Sutton was prosecuted as a persistent violator because of prior convictions for burglary in Kootenai County and eluding law enforcement in Bonner County. Idaho’s persistent violator statute has a mandatory minimum sentence of five years and carries the prospect of lifelong imprisonment.

Sutton’s mother, Johnetta Hess, took the stand to emphasize that her son has mental health and substance abuse issues which have largely gone untreated.

“He needs help,” said Hess, who urged the court not to imprison her son.

Verby, however, had no choice due to the mandatory minimum sentencing requirement.

Chief Public Defender Isabella Robertson said Sutton has undergone multiple mental health evaluations, which diagnosed him with bipolar and schizoaffective disorders marked by paranoid delusions and auditory hallucinations.
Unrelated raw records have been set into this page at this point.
lemma schur_complement_mult_eq_0:
  fixes A B C D Dinv :: "'a :: comm_ring_1 mat"
  assumes A: "A \<in> carrier_mat n1 n1" and B: "B \<in> carrier_mat n1 n2"
    and C: "C \<in> carrier_mat n2 n1" and D: "D \<in> carrier_mat n2 n2"
    and Dinv: "Dinv \<in> carrier_mat n2 n2" "inverts_mat Dinv D"
    and y1: "y1 \<in> carrier_vec n1" and y2: "y2 \<in> carrier_vec n2"
    and kernel: "four_block_mat A B C D *\<^sub>v (y1 @\<^sub>v y2) = 0\<^sub>v (n1 + n2)"
  shows "(A - B * Dinv * C) *\<^sub>v y1 = 0\<^sub>v n1"
proof -
  have "(A *\<^sub>v y1 + B *\<^sub>v y2) @\<^sub>v (C *\<^sub>v y1 + D *\<^sub>v y2) = four_block_mat A B C D *\<^sub>v (y1 @\<^sub>v y2)"
    by (rule four_block_mat_mult_vec[OF A B C D y1 y2, symmetric])
  also have "\<dots> = 0\<^sub>v n1 @\<^sub>v 0\<^sub>v n2"
    unfolding kernel by (intro eq_vecI) auto
  moreover have "A *\<^sub>v y1 + B *\<^sub>v y2 \<in> carrier_vec n1"
    using A B y1 y2 by (intro add_carrier_vec mult_mat_vec_carrier)
  ultimately have first_row: "A *\<^sub>v y1 + B *\<^sub>v y2 = 0\<^sub>v n1"
    and second_row: "C *\<^sub>v y1 + D *\<^sub>v y2 = 0\<^sub>v n2"
    by (simp_all add: append_vec_eq)
  have Cy1: "C *\<^sub>v y1 \<in> carrier_vec n2" and Dy2: "D *\<^sub>v y2 \<in> carrier_vec n2"
    using C D y1 y2 by (auto intro: mult_mat_vec_carrier)
  define w where "w = Dinv *\<^sub>v (C *\<^sub>v y1)"
  have w: "w \<in> carrier_vec n2"
    unfolding w_def using Dinv(1) Cy1 by (rule mult_mat_vec_carrier)
  have "Dinv *\<^sub>v (D *\<^sub>v y2) = y2"
    using Dinv D y2 by (simp add: assoc_mult_mat_vec[symmetric] inverts_mat_def)
  then have "w + y2 = Dinv *\<^sub>v (C *\<^sub>v y1 + D *\<^sub>v y2)"
    unfolding w_def mult_add_distrib_mat_vec[OF Dinv(1) Cy1 Dy2] by simp
  then have y2_eq: "w + y2 = 0\<^sub>v n2"
    using second_row Dinv by (simp add: mult_mat_vec_zero)
  have BDinv: "B * Dinv \<in> carrier_mat n1 n2"
    using B Dinv(1) by (rule mult_carrier_mat)
  have "(B * Dinv * C) *\<^sub>v y1 = B *\<^sub>v w"
    unfolding w_def assoc_mult_mat_vec[OF BDinv C y1] assoc_mult_mat_vec[OF B Dinv(1) Cy1] ..
  then have reduced: "(A - B * Dinv * C) *\<^sub>v y1 = A *\<^sub>v y1 - B *\<^sub>v w"
    using A B C Dinv y1 by (simp add: minus_mult_distrib_mat_vec)
  have By2: "B *\<^sub>v w + B *\<^sub>v y2 = 0\<^sub>v n1"
    using B w y2 y2_eq by (simp add: mult_add_distrib_mat_vec[symmetric] mult_mat_vec_zero)
  show ?thesis
  proof (rule eq_vecI)
    fix i assume "i < dim_vec (0\<^sub>v n1 :: 'a vec)"
    then have i: "i < n1" by simp
    have "(A *\<^sub>v y1) $ i + (B *\<^sub>v y2) $ i = 0" "(B *\<^sub>v w) $ i + (B *\<^sub>v y2) $ i = 0"
      using arg_cong[OF first_row, of "\<lambda>v. v $ i"] arg_cong[OF By2, of "\<lambda>v. v $ i"] i A B
      by simp_all
    then have "(A *\<^sub>v y1) $ i = (B *\<^sub>v w) $ i"
      by (metis add_right_cancel)
    then show "((A - B * Dinv * C) *\<^sub>v y1) $ i = 0\<^sub>v n1 $ i"
      unfolding reduced using i A B by simp
  qed (use A B in \<open>simp add: reduced\<close>)
qed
In light of the mandatory minimum aspect, Robertson lobbied for a minimal additional imprisonment and credit for 384 days Sutton spent behind bars or in state hospitals while the case was pending.
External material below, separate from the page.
(* Consider any tuples $(\lambda ,S_k^\lambda ,F_k^\lambda ,P_k^\lambda )_{k = 0}^{N - 1}$ such that $\lambda>0$ and $C(\{ S_k^\lambda \} _{k = 0}^{N - 1} ) = \gamma$, i.e. elements of \[ \Lambda : = \{ (\lambda ,S_k^\lambda ,F_k^\lambda ,P_k^\lambda )_{k = 0}^{N - 1} :\lambda > 0, C(\{ S_k^\lambda \} _{k = 0}^{N - 1} ) = \gamma \}. \] Then, the corresponding $\{(S_k^\lambda,F_k^\lambda)\}_{k=0}^{N-1}$ with $(\lambda ,S_k^\lambda ,F_k^\lambda ,P_k^\lambda )_{k = 0}^{N - 1} \in \Lambda$ is an optimal solution of the constrained LQG (covariance selection) problem.
   Context: Consider the stochastic LTI system $x(k+1)=Ax(k)+Bu(k)+w(k)$ with $x(k)\in\mathbb R^n$, $u(k)\in\mathbb R^m$, $x(0)\sim\mathcal N(z,V)$, $w(k)\sim\mathcal N(0,W)$ mutually independent, and linear feedback $u(k)=F_kx(k)$, $k\in\{0,\dots,N-1\}$. With $S_k=\mathbb E([x(k);u(k)][x(k);u(k)]^T)$, the constrained LQG (covariance selection) problem is: minimize $J_p(\{S_k\})=\mathrm{Tr}\big(Q_f([A\ B]S_{N-1}[A\ B]^T+W)\big)+\sum_{k=0}^{N-1}\mathrm{Tr}(\mathrm{diag}(Q_k,R_k)S_k)$ over $\{S_k,F_k\}$ subject to $S_k=\Phi(F_k,S_{k-1})$ ($k=1,\dots,N-1$), $S_0=[I_n;F_0](V+zz^T)[I_n;F_0]^T$, and $C(\{S_k\})\le\gamma$, where $C(\{S_k\})=\mathrm{Tr}\big(\tilde Q_f([A\ B]S_{N-1}[A\ B]^T+W)\big)+\sum_{k=0}^{N-1}\mathrm{Tr}(\mathrm{diag}(\tilde Q_k,\tilde R_k)S_k)$ and $\Phi(F,S)=[I_n;F]([A\ B]S[A\ B]^T+W)[I_n;F]^T$. Assumptions: $Q_f,\tilde Q_f,Q_k,\tilde Q_k\succeq0$, $R_k+\lambda\tilde R_k\succ0$ for all $k$, $\lambda>0$; $V\succ0$, $W\succ0$; strict feasibility of the inequality constraint; and $C(\{S_k^0\})>\gamma$ (the unconstrained LQG solution violates the constraint). For $\lambda\ge0$, $X_N^\lambda=Q_f+\lambda\tilde Q_f$, $X_k^\lambda=A^TX_{k+1}^\lambda A-A^TX_{k+1}^\lambda B(R_k+\lambda\tilde R_k+B^TX_{k+1}^\lambda B)^{-1}B^TX_{k+1}^\lambda A+Q_k+\lambda\tilde Q_k$, $F_k^\lambda=-(R_k+\lambda\tilde R_k+B^TX_{k+1}^\lambda B)^{-1}B^TX_{k+1}^\lambda A$, $S_0^\lambda=[I;F_0^\lambda](V+zz^T)[I;F_0^\lambda]^T$, $S_k^\lambda=\Phi(F_k^\lambda,S_{k-1}^\lambda)$, $P_k^\lambda=\begin{bmatrix}Q_k+\lambda\tilde Q_k+A^TX_{k+1}^\lambda A & A^TX_{k+1}^\lambda B\\ B^TX_{k+1}^\lambda A & R_k+\lambda\tilde R_k+B^TX_{k+1}^\lambda B\end{bmatrix}$. It was shown that $\Lambda$ is exactly the set of KKT points (with Lagrange multipliers $P_k$ for the equality constraints and $\lambda$ for the inequality constraint) of this problem, and that if $C(\{S_k^\lambda\})=C(\{S_k^{\lambda+\varepsilon}\})$ then $J_p(\{S_k^\lambda\})=J_p(\{S_k^{\lambda+\varepsilon}\})$. *)

theory Defs
  imports "HOL-Analysis.Analysis"
begin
“The state has incredible concern that if he’s allowed to go into prison, he won’t receive mental health treatment,” said Robertson.

Prosecutor Louis Marshall called Sutton’s case “difficult,” but one that needed to be pursued. He pointed to Sutton’s record of misdeeds that displayed increasing level of reckless abandon over the years.

“We’ve come further now,” said Marshall, who called Sutton’s intimidation of the informant “a planned course of conduct” deserving of a 10- to 20-year sentence.

Verby found that Sutton was at risk of re-offending and a lesser sentence would depreciate the seriousness of the offense and fail to deter others from committing a similar offense.

“I’m forced to deal with a situation where I have an individual with an extensive criminal record,” said Verby.